Etape 6 : L’Algérie ou le Maroc ?

 

Toute politique maritime nécessitant des points d’appui[2], les stratèges russes ont réfléchi à l’hypothèse algérienne avec la base de Mers-el-Kébir. D’autant plus que les relations militaires entre Moscou et Alger sont anciennes et que l’armée algérienne est largement équipée en matériel russe.

 

Cette option fut cependant écartée pour deux raisons :

 

     1)      La première est qu’en 2013, l’Algérie avait catégoriquement refusé d’accorder des facilités logistiques et opérationnelles à la flotte russe.

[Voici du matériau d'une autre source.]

lemma transpose_eq_self_iff: "transpose X = X \<longleftrightarrow> (\<forall>i j. X$i$j = X$j$i)"
  by (auto simp: transpose_def vec_eq_iff)

lemma mult_ones_eq_scaleR_diag_iff:
  "X *v ones = t *\<^sub>R diag_vec X \<longleftrightarrow> (\<forall>i. (\<Sum>j\<in>UNIV. X$i$j) = t * X$i$i)"
  by (simp add: vec_eq_iff matrix_vector_mult_def ones_def diag_vec_def)

section \<open>The bilinear form of a matrix\<close>

lemma psd_iff_bform: "psd X \<longleftrightarrow> (\<forall>i j. X$i$j = X$j$i) \<and> (\<forall>u. 0 \<le> bform X u u)"
proof -
  have form: "v \<bullet> (X *v v) = bform X (\<lambda>i. v$i) (\<lambda>i. v$i)" for v
    by (simp add: bform_def inner_vec_def matrix_vector_mult_def sum_distrib_left mult.assoc)
  have "(\<forall>v. 0 \<le> v \<bullet> (X *v v)) \<longleftrightarrow> (\<forall>u. 0 \<le> bform X u u)"
    unfolding form
  proof (intro iffI allI)
    fix u assume "\<forall>v. 0 \<le> bform X (\<lambda>i. v$i) (\<lambda>i. v$i)"
    then have "0 \<le> bform X (\<lambda>i. (\<chi> k. u k)$i) (\<lambda>i. (\<chi> k. u k)$i)"
      by blast
    then show "0 \<le> bform X u u"
      by simp
  qed simp
  then show ?thesis
    unfolding psd_def transpose_eq_self_iff by blast
qed

lemma bform_commute: "\<forall>i j. X$i$j = X$j$i \<Longrightarrow> bform X u v = bform X v u"
  unfolding bform_def by (subst sum.swap) (simp add: mult.commute mult.left_commute)

lemma bform_add_scaled:
  assumes "\<forall>i j. X$i$j = X$j$i"
  shows "bform X (\<lambda>i. u i + l * v i) (\<lambda>i. u i + l * v i)
    = bform X u u + 2 * l * bform X u v + l\<^sup>2 * bform X v v"
proof -
  have "bform X (\<lambda>i. u i + l * v i) (\<lambda>i. u i + l * v i)
      = bform X u u + l * bform X u v + l * bform X v u + l\<^sup>2 * bform X v v"
    unfolding bform_def power2_eq_square
    by (simp add: algebra_simps sum.distrib sum_distrib_left)
  then show ?thesis
    using bform_commute[OF assms, of u v] by simp
qed

lemma discriminant_le_if_nonneg:
  fixes a b c :: real
  assumes "\<And>l. 0 \<le> a + 2 * l * b + l\<^sup>2 * c" "0 \<le> c"
  shows "b\<^sup>2 \<le> a * c"
proof (cases "c = 0")
  case True
  have "0 \<le> a + 2 * (-(a + 1) / (2 * b)) * b"
    using assms(1)[of "-(a + 1) / (2 * b)"] True by simp
  then have "b = 0"
    by (cases "b = 0") (simp_all add: field_simps)
  then show ?thesis
    using True by simp
next
  case False
  then have c: "c > 0"
    using assms(2) by simp
  have "0 \<le> a + 2 * (-b / c) * b + (-b / c)\<^sup>2 * c"
    by (rule assms(1))
  then show ?thesis
    using c by (simp add: power2_eq_square field_simps)
qed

     2)      La seconde procédait d’une analyse géostratégique. La Méditerranée est en effet une mer fermée, comme l’est la mer Noire. Pour aller de cette dernière à la Méditerranée, les détroits turcs constituent un passage obligé. De même, sortir de la Méditerranée afin de déboucher sur l’océan atlantique, ou y entrer, implique que le couloir maritime situé entre Gibraltar et le cap Spartel soit libre. 
Le Maroc est donc le partenaire idéal car il contrôle la rive sud du détroit de Gibraltar. De plus, avec le Sahara occidental, il possède une immense façade atlantique s’étendant depuis Tanger, au nord, jusqu’à la frontière de Mauritanie, au sud.

 

Etape 7 : le soutien au Maroc

 

Pour le Maroc, la question du Sahara occidental n’est pas négociable. Or, le mardi 15 mars 2016, à l’issue du voyage officiel que le roi Mohamed VI effectua en Russie, le Kremlin affirma « (…) prendre dûment compte de la position du Maroc dans la question du Sahara occidental ».

Par cette déclaration, la Russie qui tirait ainsi un trait sur plus d’un demi-siècle d’étroites relations avec l’Algérie, parrain du Polisario, mouvement indépendantiste saharaoui. Elle prenait également le contre-pied de M. Ban Ki-Moon, secrétaire-général de l’ONU, qui avait aventureusement qualifié d’« occupation » la présence marocaine dans ses provinces sahariennes.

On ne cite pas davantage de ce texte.